Sensor fusion—the combining of measurement data from many sensors to drive outcomes—will be necessary, and will require synchronisation, high-power processing, and the continued evolution of the sensors themselves.
Next year the Audi A8 will be the world’s first production car to offer Level 3 autonomy - equipped with six cameras, five radar devices, one lidar device, and 12 ultrasonic sensors.
Ultimately, the goal of processing sensor data is to create a fail-safe representation of the environment surrounding the car in a way that can be fed into decision-making algorithms and that can keep costs down.
ADAS processing capabilities are based on multiple isolated control units; however, sensor fusion is driving demand, among some manufacturers, for a singular centralised processor. But that can be costly and require vast amount of processing, as a result, other manufacturers are looking at a more distributed architectural design.
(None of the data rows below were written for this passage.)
lemma mod_eq_0_set:
  assumes "0 < n"
  shows "{m. m mod n = 0} = insert 0 (range (\<lambda>i. Suc (n - 1 + n * i)))"
proof (intro equalityI subsetI)
  fix m assume "m \<in> {m. m mod n = 0}"
  then obtain q where q: "m = n * q" by auto
  show "m \<in> insert 0 (range (\<lambda>i. Suc (n - 1 + n * i)))"
  proof (cases q)
    case (Suc i)
    with q assms have "m = Suc (n - 1 + n * i)" by simp
    then show ?thesis by blast
  qed (simp add: q)
next
  fix m assume "m \<in> insert 0 (range (\<lambda>i. Suc (n - 1 + n * i)))"
  then consider "m = 0" | i where "m = n * Suc i" using assms by auto
  then show "m \<in> {m. m mod n = 0}" by cases simp_all
qed

lemma expressible_Count_ModCount_if_decomposition:
  assumes w: "w \<in> lists A"
    and PML: "expressible A 0 P" "expressible A 0 M" "expressible A 0 L"
    and decomp: "\<And>j. Count A w (Suc j) = conc (conc P (lang_pow M j)) L"
  shows "expressible A 0 (Count A w k)"
    and "k < n \<Longrightarrow> expressible A 1 (ModCount A w k n)"
proof -
  show Count: "expressible A 0 (Count A w k)" for k
    using w PML by (cases k) (simp_all add: decomp expressible_Count_0 expressible_conc
        expressible_pow)
  define U where "U j = conc (conc (conc P (lang_pow M j)) (lang_star (lang_pow M n))) L" for j
  have U: "expressible A 1 (U j)" for j
  proof -
    have "expressible A 1 (conc P (lang_pow M j))" "expressible A 1 L"
      using PML expressible_mono[of A 0 _ 1] by (simp_all add: expressible_conc expressible_pow)
    moreover have "expressible A 1 (lang_star (lang_pow M n))"
      using expressible_star[OF expressible_pow[OF PML(2)]] by simp
    ultimately show ?thesis
      unfolding U_def by (simp add: expressible_conc)
  qed
  have Count_progression: "(\<Union>i. Count A w (Suc (j + n * i))) = U j" for j
    unfolding U_def decomp by (rule UN_conc_pow_progression)
  assume "k < n"
  show "expressible A 1 (ModCount A w k n)"
  proof (cases k)
    case 0
    with \<open>k < n\<close> have "ModCount A w k n = Count A w 0 \<union> U (n - 1)"
      by (simp add: ModCount_eq_UN_Count mod_eq_0_set Count_progression[symmetric])
    then show ?thesis
      using Count[of 0] U by (simp add: expressible_union expressible_mono)
  next
    case (Suc j)
    with \<open>k < n\<close> have "ModCount A w k n = U j"
      by (simp add: ModCount_eq_UN_Count mod_eq_Suc_set Count_progression[symmetric])
    then show ?thesis using U by simp
  qed
qed

section \<open>Factors without self-overlap\<close>

lemma Count_Suc_if_no_overlap:
  assumes w: "w \<in> lists A" "w \<noteq> []"
    and no_overlap: "\<And>u z. occ w (u @ w @ z) = occ w u + 1 + occ w z"
  shows "Count A w (Suc j) = conc (Count A w j) (conc {w} (Count A w 0))"
proof (intro equalityI subsetI)
  fix v assume "v \<in> conc (Count A w j) (conc {w} (Count A w 0))"
  then show "v \<in> Count A w (Suc j)"
    unfolding conc_def Count_def using no_overlap w by auto
next
  fix v assume v: "v \<in> Count A w (Suc j)"
  then obtain x y where xy: "v = x @ w @ y" "occ w (tl w @ y) = 0"
    using last_occurrence[OF w(2), of v] unfolding Count_def by auto
  then have "occ w y = 0"
    using occ_le_occ_append[OF w(2), of y "tl w"] by simp
  moreover from this have "occ w x = j"
    using v xy no_overlap[of x y] unfolding Count_def by simp
  ultimately show "v \<in> conc (Count A w j) (conc {w} (Count A w 0))"
    using v xy unfolding conc_def Count_def by auto
qed

lemma expressible_Count_ModCount_if_no_overlap:
  assumes w: "w \<in> lists A" "w \<noteq> []"
    and no_overlap: "\<And>u z. occ w (u @ w @ z) = occ w u + 1 + occ w z"
  shows "expressible A 0 (Count A w k)"
    and "k < n \<Longrightarrow> expressible A 1 (ModCount A w k n)"
proof -
  let ?M = "conc {w} (Count A w 0)"
  have "Count A w (Suc j) = conc (conc (Count A w 0) (lang_pow ?M j)) ?M" for j
    using lang_pow_recurrence[of "Count A w" ?M j] Count_Suc_if_no_overlap[OF assms]
    by simp
  moreover have "expressible A 0 ?M"
    using w by (simp add: expressible_Count_0 expressible_conc expressible_word)
  ultimately show "expressible A 0 (Count A w k)"
    and "k < n \<Longrightarrow> expressible A 1 (ModCount A w k n)"
    using expressible_Count_ModCount_if_decomposition[OF w(1) expressible_Count_0[OF w(1)]]
    by blast+
qed

section \<open>The factor \<open>aa\<close>\<close>

definition ends_with :: "'a \<Rightarrow> 'a list set" where
  "ends_with a = {v. v \<noteq> [] \<and> last v = a}"

definition starts_with :: "'a \<Rightarrow> 'a list set" where
  "starts_with a = {v. v \<noteq> [] \<and> hd v = a}"

lemma conc_lists_letter: "a \<in> A \<Longrightarrow> conc (lists A) {[a]} = lists A \<inter> ends_with a"
proof (intro equalityI subsetI)
  fix v assume "v \<in> lists A \<inter> ends_with a"
  then have "v = butlast v @ [a]" "butlast v \<in> lists A"
    unfolding ends_with_def by (auto dest: in_set_butlastD)
  then show "v \<in> conc (lists A) {[a]}" unfolding conc_def by blast
qed (auto simp: conc_def ends_with_def)

lemma conc_letter_lists: "a \<in> A \<Longrightarrow> conc {[a]} (lists A) = lists A \<inter> starts_with a"
proof (intro equalityI subsetI)
  fix v assume "v \<in> lists A \<inter> starts_with a"
  then have "v = [a] @ tl v" "tl v \<in> lists A"
    unfolding starts_with_def by (auto simp: list.set_sel(2))
  then show "v \<in> conc {[a]} (lists A)" unfolding conc_def by blast
qed (auto simp: conc_def starts_with_def)

lemma conc_Int_ends_with:
  assumes "[] \<notin> Y"
  shows "conc X (Y \<inter> ends_with a) = conc X Y \<inter> ends_with a"
proof (intro equalityI subsetI)
  fix s assume "s \<in> conc X Y \<inter> ends_with a"
  then obtain u v where uv: "s = u @ v" "u \<in> X" "v \<in> Y" "last s = a"
    unfolding conc_def ends_with_def by blast
  with assms have "v \<in> Y \<inter> ends_with a"
    unfolding ends_with_def by (auto simp: last_append)
  with uv show "s \<in> conc X (Y \<inter> ends_with a)"
    unfolding conc_def by blast
qed (auto simp: conc_def ends_with_def)

lemma Count_aa_Suc:
  "Count A [a, a] (Suc j) = conc (Count A [a, a] j \<inter> ends_with a) (Count A [a, a] 0 \<inter> starts_with a)"
proof (intro equalityI subsetI)
  fix v assume "v \<in> conc (Count A [a, a] j \<inter> ends_with a) (Count A [a, a] 0 \<inter> starts_with a)"
  then show "v \<in> Count A [a, a] (Suc j)"
    unfolding conc_def Count_def ends_with_def starts_with_def by (auto simp: occ_pair_append)
next
  fix v assume v: "v \<in> Count A [a, a] (Suc j)"
  then obtain x y where xy: "v = (x @ [a]) @ (a # y)" "occ [a, a] (a # y) = 0"
    using last_occurrence[of "[a, a]" v] unfolding Count_def by auto
  then have "occ [a, a] (x @ [a]) = j"
    using v unfolding Count_def by (simp add: occ_pair_append del: append_assoc)
  with v xy have "x @ [a] \<in> Count A [a, a] j \<inter> ends_with a" "a # y \<in> Count A [a, a] 0 \<inter> starts_with a"
    unfolding Count_def ends_with_def starts_with_def by auto
  with xy(1) show "v \<in> conc (Count A [a, a] j \<inter> ends_with a) (Count A [a, a] 0 \<inter> starts_with a)"
    unfolding conc_def by blast
qed

lemma expressible_Count_ModCount_aa:
  assumes a: "a \<in> A"
  shows "expressible A 0 (Count A [a, a] k)"
    and "k < n \<Longrightarrow> expressible A 1 (ModCount A [a, a] k n)"
proof -
  let ?Z = "Count A [a, a] 0" and ?E = "ends_with a" and ?S = "starts_with a"
  have "Count A [a, a] (Suc j) \<inter> ?E = conc (Count A [a, a] j \<inter> ?E) (?Z \<inter> ?S \<inter> ?E)" for j
    by (simp add: Count_aa_Suc conc_Int_ends_with starts_with_def)
  then have ends_a: "Count A [a, a] j \<inter> ?E = conc (?Z \<inter> ?E) (lang_pow (?Z \<inter> ?S \<inter> ?E) j)" for j
    by (rule lang_pow_recurrence)
  have decomp: "Count A [a, a] (Suc j)
      = conc (conc (?Z \<inter> ?E) (lang_pow (?Z \<inter> ?S \<inter> ?E) j)) (?Z \<inter> ?S)" for j
    unfolding Count_aa_Suc[of A a j] ends_a[of j] ..
  have "?Z \<subseteq> lists A"
    unfolding Count_def by blast
  then have "?Z \<inter> ?E = ?Z \<inter> (lists A \<inter> ?E)" "?Z \<inter> ?S = ?Z \<inter> (lists A \<inter> ?S)"
    "?Z \<inter> ?S \<inter> ?E = ?Z \<inter> (lists A \<inter> ?S) \<inter> (lists A \<inter> ?E)"
    by blast+
  moreover have "expressible A 0 ?Z" "expressible A 0 (lists A \<inter> ?E)"
    "expressible A 0 (lists A \<inter> ?S)"
    using a by (simp_all add: expressible_Count_0 conc_lists_letter[symmetric]
        conc_letter_lists[symmetric] expressible_conc expressible_lists expressible_letter)
  ultimately have "expressible A 0 (?Z \<inter> ?E)" "expressible A 0 (?Z \<inter> ?S \<inter> ?E)"
    "expressible A 0 (?Z \<inter> ?S)"
    by (simp_all only: expressible_Int)
  from expressible_Count_ModCount_if_decomposition[OF _ this decomp] a
  show "expressible A 0 (Count A [a, a] k)"
    and "k < n \<Longrightarrow> expressible A 1 (ModCount A [a, a] k n)"
    by simp_all
qed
Among the most significant challenges for manufacturers is choosing the right software, and testing it against an infinite number of real-world scenarios.
“All of which means a software-defined tester will be critical in keeping up with that evolution,” explains Jeff Phillips, Head of Automotive Marketing at National Instruments (NI). “The semiconductor content will only continue to increase and as the technology improves so the ability to quickly reconfigure testers will be critical. Flexibility through software will be the key.
“Increasing the efficiency in software development will be integral to the autonomous driving revolution,” says Phillips.
“To be frank, a lot is changing in the testing environment. One of the biggest challenges with ADAS is that the actual test environment has got to be able to handle a much wider array of challenges. In the past we focused on a vehicle’s physical characteristics, today we need to consider electronic measurement and the role of the software in running ECUs.”
Software testing involves a very different testing methodology, according to Phillips. “When we talk about autonomous vehicles much of the software that will run on the ECU will have been written by neural networks or other non-human systems – so the tracking of changes back to source code is more difficult, as is validating the software as it’s always updating.
“Today, we talk more about predictive rather than deterministic testing. In the past test was based on a simple ‘yes’ or ‘no’ response. ADAS is not deterministic and there’s not always going to be a clear answer, much of what we will have to do will be based on interpretation.
“As a result we’ll need more software engineers, but also full blown software architects.”
While some manufacturers favour consolidating ECU functionalities with the focus on sensor fusion, infotainment and those functions requiring less data – such as steering, air conditioning etc., others favour a more distributed architecture.
“Consolidation of the ECU can be costly and will require immense processing capabilities. There’s also a greater risk that with fewer ECUs the vehicle could be more vulnerable to hacking and security breaches.
“There are also concerns that the distributed nature of production means that there is global accessibility to data, which could leave systems vulnerable.”
One of the big issues confronting the industry is a lack of standards.
“Car companies are going in different directions,” says Phillips. “With different sensors being used, decisions are likely to vary from device to device. But I believe that when it comes to probabilistic testing we are reaching an inflection point. There will need to be mandates and agreements at government level.”
When it comes to test car manufacturers are engaging with companies like National Instruments very differently.
“They no longer simply go out and buy a tester, they engage with us to design their own tester platforms that they can own and develop. That’s a massive change. Because of the costs associated with test they are looking to build up their own tester infrastructure. They are making their own decisions and looking to the likes of NI to provide solutions.
“In truth everybody knows the general direction, but most don’t now the address. Too many are still scrambling around and there remain a lot of unknowns for engineers to address.